• [SUPPLIED MATERIAL]:
text \<open>A path uses every edge at most once, so there are only finitely many paths.\<close>
lemma finite_paths:
  assumes "finite E"
  shows "finite {p. is_path E src tgt u v p}"
proof (rule finite_subset[OF _ finite_lists_length_le[OF assms, of "card E"]])
  show "{p. is_path E src tgt u v p} \<subseteq> {xs. set xs \<subseteq> E \<and> length xs \<le> card E}"
  proof safe
    fix p assume p: "is_path E src tgt u v p"
    then have "set p \<subseteq> E" by (simp add: is_path_def)
    moreover have "length p = card (set p)"
      using path_distinct[OF p] by (simp add: distinct_card)
    ultimately show "length p \<le> card E" using card_mono[OF assms] by auto
    show "d \<in> set p \<Longrightarrow> d \<in> E" for d using \<open>set p \<subseteq> E\<close> by auto
  qed
qed

lemma green_w_upd_red: "col e = Red \<Longrightarrow> green_w col (w(e := c)) q = green_w col w q"
  unfolding green_w_def by (intro arg_cong[where f = sum_list] map_cong) auto

lemma red_w_upd_notin: "e \<notin> set q \<Longrightarrow> red_w col (w(e := c)) q = red_w col w q"
  unfolding red_w_def by (intro arg_cong[where f = sum_list] map_cong) auto

lemma red_w_Cons: "red_w col w (a # q) = (if col a = Red then w a else 0) + red_w col w q"
  by (simp add: red_w_def)

lemma red_w_split:
  assumes "e \<in> set q" "distinct q" "col e = Red"
  shows "red_w col w q = w e + red_w col (w(e := 0)) q"
  using assms
proof (induction q)
  case (Cons a q)
  show ?case
  proof (cases "a = e")
    case True
    then have "e \<notin> set q" using Cons.prems by auto
    then show ?thesis
      using True Cons.prems red_w_upd_notin[of e q col w 0] by (simp only: red_w_Cons) simp
  next
    case False
    have IH: "red_w col w q = w e + red_w col (w(e := 0)) q"
      by (rule Cons.IH) (use Cons.prems False in auto)
    have "(w(e := 0)) a = w a" using False by simp
    then show ?thesis by (simp only: red_w_Cons IH add.left_commute)
  qed
qed simp

lemma red_w_all_green: "\<forall>d\<in>set p. col d = Green \<Longrightarrow> red_w col w p = 0"
  unfolding red_w_def by (induction p) auto

lemma red_green_w_measurable:
  fixes w :: "'m \<Rightarrow> 'e \<Rightarrow> real"
  assumes "\<And>d. d \<in> set p \<Longrightarrow> (\<lambda>x. w x d) \<in> borel_measurable N"
  shows "(\<lambda>x. red_w col (w x) p) \<in> borel_measurable N"
    and "(\<lambda>x. green_w col (w x) p) \<in> borel_measurable N"
  using assms unfolding red_w_def green_w_def by (induction p) auto

text \<open>This turns the minima in the definitions of g_r and Delta_e(r) into minima of finite families
  indexed by a fixed set of paths.\<close>
lemma Min_guarded:
  fixes h :: "'a \<Rightarrow> real"
  assumes "finite P"
  shows "Min (insert \<infinity> ((\<lambda>p. if C p then ereal (h p) else \<infinity>) ` P)) =
    (if {h p | p. p \<in> P \<and> C p} = {} then \<infinity> else ereal (Min {h p | p. p \<in> P \<and> C p}))"
proof (cases "{h p | p. p \<in> P \<and> C p} = {}")
  case True
  then have "(\<lambda>p. if C p then ereal (h p) else \<infinity>) ` P \<subseteq> {\<infinity>}" by auto
  then show ?thesis using True assms by (auto intro!: Min_eqI)
next
  case False
  define S where "S = {h p | p. p \<in> P \<and> C p}"
  have "finite S" unfolding S_def using assms by simp
  then have "Min S \<in> S" by (rule Min_in) (use False in \<open>simp add: S_def\<close>)
  then obtain p where "p \<in> P" "C p" "Min S = h p" unfolding S_def by blast
  moreover have "Min S \<le> h p" if "p \<in> P" "C p" for p
    using \<open>finite S\<close> that by (auto simp: S_def intro: Min_le)
  ultimately have "Min (insert \<infinity> ((\<lambda>p. if C p then ereal (h p) else \<infinity>) ` P)) = ereal (Min S)"
    using assms by (intro Min_eqI) auto
  then show ?thesis using False by (simp add: S_def)
qed

text \<open>A version of the library's measurability of finite minima that allows an empty family.\<close>
lemma borel_measurable_Min_insert_infinity:
  fixes f :: "'i \<Rightarrow> 'm \<Rightarrow> ereal"
  assumes "finite I" "\<And>i. i \<in> I \<Longrightarrow> f i \<in> borel_measurable N"
  shows "(\<lambda>x. Min (insert \<infinity> ((\<lambda>i. f i x) ` I))) \<in> borel_measurable N"
proof (cases "I = {}")
  case False
  then have "(\<lambda>x. Min (insert \<infinity> ((\<lambda>i. f i x) ` I))) = (\<lambda>x. min \<infinity> (Min ((\<lambda>i. f i x) ` I)))"
    using assms(1) by simp
  then show ?thesis using assms by (simp add: borel_measurable_Min)
qed simp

• [WORK INSTRUCTION]: Using the data above, print every record exactly as shown.

• [TASK OUTPUT]:
text \<open>A path uses every edge at most once, so there are only finitely many paths.\<close>
lemma finite_paths:
  assumes "finite E"
  shows "finite {p. is_path E src tgt u v p}"
proof (rule finite_subset[OF _ finite_lists_length_le[OF assms, of "card E"]])
  show "{p. is_path E src tgt u v p} \<subseteq> {xs. set xs \<subseteq> E \<and> length xs \<le> card E}"
  proof safe
    fix p assume p: "is_path E src tgt u v p"
    then have "set p \<subseteq> E" by (simp add: is_path_def)
    moreover have "length p = card (set p)"
      using path_distinct[OF p] by (simp add: distinct_card)
    ultimately show "length p \<le> card E" using card_mono[OF assms] by auto
    show "d \<in> set p \<Longrightarrow> d \<in> E" for d using \<open>set p \<subseteq> E\<close> by auto
  qed
qed

lemma green_w_upd_red: "col e = Red \<Longrightarrow> green_w col (w(e := c)) q = green_w col w q"
  unfolding green_w_def by (intro arg_cong[where f = sum_list] map_cong) auto

lemma red_w_upd_notin: "e \<notin> set q \<Longrightarrow> red_w col (w(e := c)) q = red_w col w q"
  unfolding red_w_def by (intro arg_cong[where f = sum_list] map_cong) auto

lemma red_w_Cons: "red_w col w (a # q) = (if col a = Red then w a else 0) + red_w col w q"
  by (simp add: red_w_def)

lemma red_w_split:
  assumes "e \<in> set q" "distinct q" "col e = Red"
  shows "red_w col w q = w e + red_w col (w(e := 0)) q"
  using assms
proof (induction q)
  case (Cons a q)
  show ?case
  proof (cases "a = e")
    case True
    then have "e \<notin> set q" using Cons.prems by auto
    then show ?thesis
      using True Cons.prems red_w_upd_notin[of e q col w 0] by (simp only: red_w_Cons) simp
  next
    case False
    have IH: "red_w col w q = w e + red_w col (w(e := 0)) q"
      by (rule Cons.IH) (use Cons.prems False in auto)
    have "(w(e := 0)) a = w a" using False by simp
    then show ?thesis by (simp only: red_w_Cons IH add.left_commute)
  qed
qed simp

lemma red_w_all_green: "\<forall>d\<in>set p. col d = Green \<Longrightarrow> red_w col w p = 0"
  unfolding red_w_def by (induction p) auto

lemma red_green_w_measurable:
  fixes w :: "'m \<Rightarrow> 'e \<Rightarrow> real"
  assumes "\<And>d. d \<in> set p \<Longrightarrow> (\<lambda>x. w x d) \<in> borel_measurable N"
  shows "(\<lambda>x. red_w col (w x) p) \<in> borel_measurable N"
    and "(\<lambda>x. green_w col (w x) p) \<in> borel_measurable N"
  using assms unfolding red_w_def green_w_def by (induction p) auto

text \<open>This turns the minima in the definitions of g_r and Delta_e(r) into minima of finite families
  indexed by a fixed set of paths.\<close>
lemma Min_guarded:
  fixes h :: "'a \<Rightarrow> real"
  assumes "finite P"
  shows "Min (insert \<infinity> ((\<lambda>p. if C p then ereal (h p) else \<infinity>) ` P)) =
    (if {h p | p. p \<in> P \<and> C p} = {} then \<infinity> else ereal (Min {h p | p. p \<in> P \<and> C p}))"
proof (cases "{h p | p. p \<in> P \<and> C p} = {}")
  case True
  then have "(\<lambda>p. if C p then ereal (h p) else \<infinity>) ` P \<subseteq> {\<infinity>}" by auto
  then show ?thesis using True assms by (auto intro!: Min_eqI)
next
  case False
  define S where "S = {h p | p. p \<in> P \<and> C p}"
  have "finite S" unfolding S_def using assms by simp
  then have "Min S \<in> S" by (rule Min_in) (use False in \<open>simp add: S_def\<close>)
  then obtain p where "p \<in> P" "C p" "Min S = h p" unfolding S_def by blast
  moreover have "Min S \<le> h p" if "p \<in> P" "C p" for p
    using \<open>finite S\<close> that by (auto simp: S_def intro: Min_le)
  ultimately have "Min (insert \<infinity> ((\<lambda>p. if C p then ereal (h p) else \<infinity>) ` P)) = ereal (Min S)"
    using assms by (intro Min_eqI) auto
  then show ?thesis using False by (simp add: S_def)
qed

text \<open>A version of the library's measurability of finite minima that allows an empty family.\<close>
lemma borel_measurable_Min_insert_infinity:
  fixes f :: "'i \<Rightarrow> 'm \<Rightarrow> ereal"
  assumes "finite I" "\<And>i. i \<in> I \<Longrightarrow> f i \<in> borel_measurable N"
  shows "(\<lambda>x. Min (insert \<infinity> ((\<lambda>i. f i x) ` I))) \<in> borel_measurable N"
proof (cases "I = {}")
  case False
  then have "(\<lambda>x. Min (insert \<infinity> ((\<lambda>i. f i x) ` I))) = (\<lambda>x. min \<infinity> (Min ((\<lambda>i. f i x) ` I)))"
    using assms(1) by simp
  then show ?thesis using assms by (simp add: borel_measurable_Min)
qed simp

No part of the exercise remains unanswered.